Crémet et les femmes |
Alphonsine
Alphonsine, c'est son amour de jeunesse ; c'est elle qui l'a sauvé des griffes de la maréchaussée à
Pontgibault ; c'est pour elle qu'il a bravé sa famille et décidé de fonder un foyer ; c'est aussi elle qui lui a
donné cette fille qu'il n'oubliera jamais, même à ses heures les plus sombres. Ah si elle avait accepté de le suivre
à Paris !
Elle possède un métier qui la fait vivre. Elle a déjà fait l'expérience des conséquences que pouvaient engendrer les
engagements de son militant d'époux. Cette vie aventureuse elle en a peur et elle en craint les retombées pour elle
et pour sa fille.
Parmi les femmes qui ont partagé la vie de Jean Cremet, elle est celle qu'il a aimée.
Jeannette, sa Nette
Plus encore qu'Alphonsine, c'est l'absence de sa fille Jeannette, c'est de ne pas l'avoir grandir
qui a le plus manqué dans la vie aventureuse de notre homme.
Il est certain, tant qu'il a pu le faire, il a toujours tenté de subvenir à ses besoins en envoyant de l'argent à
Alphonsine. Dans chacune des nombreuses cartes postales qu'il lui a fait parvenir par les moyens souvent
rocambolesques, il lui a même prodigué des conseils pour sa santé et son avenir. Mais il ne put la revoir.
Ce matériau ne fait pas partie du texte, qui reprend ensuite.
text \<open>All fields are embedded in an ambient field of type 'k (the field K).
  Subrings/subfields are carrier sets; automorphisms are functions 'k => 'k.\<close>

definition subring :: "'k::field set \<Rightarrow> bool" where
  "subring R \<longleftrightarrow> 0 \<in> R \<and> 1 \<in> R \<and> (\<forall>x\<in>R. \<forall>y\<in>R. x + y \<in> R \<and> x - y \<in> R \<and> x * y \<in> R)"

definition subfield :: "'k::field set \<Rightarrow> bool" where
  "subfield F \<longleftrightarrow> subring F \<and> (\<forall>x\<in>F. x \<noteq> 0 \<longrightarrow> inverse x \<in> F)"

definition valuation_domain_with_qf :: "'k::field set \<Rightarrow> 'k set \<Rightarrow> bool" where
  "valuation_domain_with_qf V F \<longleftrightarrow> subring V \<and> subfield F \<and> V \<subseteq> F \<and>
     F = {a / b | a b. a \<in> V \<and> b \<in> V \<and> b \<noteq> 0} \<and>
     (\<forall>x\<in>F. x \<noteq> 0 \<longrightarrow> x \<in> V \<or> inverse x \<in> V)"

definition field_aut :: "('k::field \<Rightarrow> 'k) \<Rightarrow> bool" where
  "field_aut \<sigma> \<longleftrightarrow> bij \<sigma> \<and> \<sigma> 1 = 1 \<and> (\<forall>x y. \<sigma> (x + y) = \<sigma> x + \<sigma> y \<and> \<sigma> (x * y) = \<sigma> x * \<sigma> y)"

definition gal :: "'k::field set \<Rightarrow> ('k \<Rightarrow> 'k) set" where
  "gal F = {\<sigma>. field_aut \<sigma> \<and> (\<forall>x\<in>F. \<sigma> x = x)}"

definition finite_ext :: "'k::field set \<Rightarrow> bool" where
  "finite_ext F \<longleftrightarrow> (\<exists>B. finite B \<and> (\<forall>y. \<exists>c. (\<forall>b\<in>B. c b \<in> F) \<and> y = (\<Sum>b\<in>B. c b * b)))"

definition finite_galois :: "'k::field set \<Rightarrow> bool" where
  "finite_galois F \<longleftrightarrow> subfield F \<and> finite_ext F \<and> {x. \<forall>\<sigma>\<in>gal F. \<sigma> x = x} = F"

definition integral_closure :: "'k::field set \<Rightarrow> 'k set" where
  "integral_closure V = {x. \<exists>p. lead_coeff p = 1 \<and> (\<forall>i. coeff p i \<in> V) \<and> poly p x = 0}"

definition ideal_in :: "'k::field set \<Rightarrow> 'k set \<Rightarrow> bool" where
  "ideal_in S I \<longleftrightarrow> I \<subseteq> S \<and> 0 \<in> I \<and> (\<forall>x\<in>I. \<forall>y\<in>I. x + y \<in> I) \<and> (\<forall>s\<in>S. \<forall>x\<in>I. s * x \<in> I)"

definition maximal_ideal_in :: "'k::field set \<Rightarrow> 'k set \<Rightarrow> bool" where
  "maximal_ideal_in S M \<longleftrightarrow> ideal_in S M \<and> M \<noteq> S \<and>
     (\<forall>J. ideal_in S J \<and> M \<subseteq> J \<and> J \<noteq> S \<longrightarrow> J = M)"

definition normalized_cocycle ::
  "('k::field \<Rightarrow> 'k) set \<Rightarrow> 'k set \<Rightarrow> (('k \<Rightarrow> 'k) \<Rightarrow> ('k \<Rightarrow> 'k) \<Rightarrow> 'k) \<Rightarrow> bool" where
  "normalized_cocycle G S f \<longleftrightarrow>
     (\<forall>\<sigma>\<in>G. \<forall>\<tau>\<in>G. f \<sigma> \<tau> \<in> S - {0}) \<and>
     (\<forall>\<sigma>\<in>G. \<forall>\<tau>\<in>G. \<forall>\<gamma>\<in>G. \<sigma> (f \<tau> \<gamma>) * f \<sigma> (\<tau> \<circ> \<gamma>) = f \<sigma> \<tau> * f (\<sigma> \<circ> \<tau>) \<gamma>) \<and>
     (\<forall>\<sigma>\<in>G. f id \<sigma> = 1 \<and> f \<sigma> id = 1)"

definition I_sig :: "'k::field set \<Rightarrow> (('k \<Rightarrow> 'k) \<Rightarrow> ('k \<Rightarrow> 'k) \<Rightarrow> 'k) \<Rightarrow> ('k \<Rightarrow> 'k) \<Rightarrow> 'k set" where
  "I_sig S f \<sigma> = S \<inter> \<Inter>{M. maximal_ideal_in S M \<and> f \<sigma> (inv \<sigma>) \<notin> M}"

text \<open>Crossed product A_f: an element sum_sigma a(sigma) x_sigma is represented by the
  coefficient function a, with a sigma in S for sigma in G and 0 outside G.\<close>
definition cp_carrier :: "('k::field \<Rightarrow> 'k) set \<Rightarrow> 'k set \<Rightarrow> ((('k \<Rightarrow> 'k) \<Rightarrow> 'k) set)" where
  "cp_carrier G S = {a. (\<forall>\<sigma>\<in>G. a \<sigma> \<in> S) \<and> (\<forall>\<sigma>. \<sigma> \<notin> G \<longrightarrow> a \<sigma> = 0)}"

definition cp_add :: "(('k::field \<Rightarrow> 'k) \<Rightarrow> 'k) \<Rightarrow> (('k \<Rightarrow> 'k) \<Rightarrow> 'k) \<Rightarrow> (('k \<Rightarrow> 'k) \<Rightarrow> 'k)" where
  "cp_add a b = (\<lambda>\<rho>. a \<rho> + b \<rho>)"

definition cp_mult :: "('k::field \<Rightarrow> 'k) set \<Rightarrow> (('k \<Rightarrow> 'k) \<Rightarrow> ('k \<Rightarrow> 'k) \<Rightarrow> 'k) \<Rightarrow>
    (('k \<Rightarrow> 'k) \<Rightarrow> 'k) \<Rightarrow> (('k \<Rightarrow> 'k) \<Rightarrow> 'k) \<Rightarrow> (('k \<Rightarrow> 'k) \<Rightarrow> 'k)" where
  "cp_mult G f a b = (\<lambda>\<rho>. \<Sum>\<sigma>\<in>G. \<Sum>\<tau>\<in>G. if \<sigma> \<circ> \<tau> = \<rho> then a \<sigma> * \<sigma> (b \<tau>) * f \<sigma> \<tau> else 0)"

definition hcomp :: "(('k::field \<Rightarrow> 'k) \<Rightarrow> 'k) \<Rightarrow> ('k \<Rightarrow> 'k) \<Rightarrow> (('k \<Rightarrow> 'k) \<Rightarrow> 'k)" where
  "hcomp a \<sigma> = (\<lambda>\<tau>. if \<tau> = \<sigma> then a \<sigma> else 0)"

definition graded_left_ideal ::
  "('k::field \<Rightarrow> 'k) set \<Rightarrow> 'k set \<Rightarrow> (('k \<Rightarrow> 'k) \<Rightarrow> ('k \<Rightarrow> 'k) \<Rightarrow> 'k) \<Rightarrow> (('k \<Rightarrow> 'k) \<Rightarrow> 'k) set \<Rightarrow> bool" where
  "graded_left_ideal G S f L \<longleftrightarrow> L \<subseteq> cp_carrier G S \<and> (\<lambda>_. 0) \<in> L \<and>
     (\<forall>a\<in>L. \<forall>b\<in>L. cp_add a b \<in> L \<and> (\<lambda>\<rho>. a \<rho> - b \<rho>) \<in> L) \<and>
     (\<forall>c\<in>cp_carrier G S. \<forall>a\<in>L. cp_mult G f c a \<in> L) \<and>
     (\<forall>a\<in>L. \<forall>\<sigma>\<in>G. hcomp a \<sigma> \<in> L)"

definition maximal_graded_left_ideal ::
  "('k::field \<Rightarrow> 'k) set \<Rightarrow> 'k set \<Rightarrow> (('k \<Rightarrow> 'k) \<Rightarrow> ('k \<Rightarrow> 'k) \<Rightarrow> 'k) \<Rightarrow> (('k \<Rightarrow> 'k) \<Rightarrow> 'k) set \<Rightarrow> bool" where
  "maximal_graded_left_ideal G S f L \<longleftrightarrow> graded_left_ideal G S f L \<and> L \<noteq> cp_carrier G S \<and>
     (\<forall>L'. graded_left_ideal G S f L' \<and> L \<subseteq> L' \<and> L' \<noteq> cp_carrier G S \<longrightarrow> L' = L)"

text \<open>Graded Jacobson radical J_G(A_f) (empty intersection = A_f).\<close>
definition graded_jacobson ::
  "('k::field \<Rightarrow> 'k) set \<Rightarrow> 'k set \<Rightarrow> (('k \<Rightarrow> 'k) \<Rightarrow> ('k \<Rightarrow> 'k) \<Rightarrow> 'k) \<Rightarrow> (('k \<Rightarrow> 'k) \<Rightarrow> 'k) set" where
  "graded_jacobson G S f = cp_carrier G S \<inter> \<Inter>{L. maximal_graded_left_ideal G S f L}"

end

theory Submission
  imports Defs "Jordan_Normal_Form.Char_Poly"
begin

text \<open>A maximal graded left ideal L of A_f is determined by its degree-id part
  {s. s x_id \<in> L}, a maximal ideal M of S: L consists of those a for which
  x_{\<rho>^-1} (a_\<rho> x_\<rho>) = \<rho>^-1(a_\<rho>) f(\<rho>^-1,\<rho>) x_id lies in M x_id for every \<rho>, and conversely
  every maximal ideal M arises this way. Applying \<rho>, the condition reads
  a_\<rho> f(\<rho>,\<rho>^-1) \<in> \<rho>(M); as M runs through the maximal ideals of S so does \<rho>(M), and since
  maximal ideals are prime, a_\<rho> lies in all of them exactly when it lies in every maximal
  ideal avoiding f(\<rho>,\<rho>^-1), i.e. in I_\<rho>. The Galois setting enters only through the
  facts that S is a ring (the determinant trick) stable under the finite group G.\<close>

text \<open>HOL-Algebra, loaded with the matrix library, binds inv to the group inverse;
  in this theory inv is Hilbert_Choice.inv as in the definitions.\<close>
unbundle no m_inv_syntax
Jeannette quant à elle, a toujours vécu dans le souvenir de celui qui l'a quittée à ses 14 ans. Seule la révélation
tardive de son oncle Gustave jettera une ombre sur ce père quelle s'était reconstruit. Est-ce la crainte de voir ce
rêve devenir réalité qui fit qu'elle n'osera pas répondre à l'invitation des auteurs d'« As-tu vu Cremet » de
l'emmener se recueillir sur sa tombe à Bruxelles !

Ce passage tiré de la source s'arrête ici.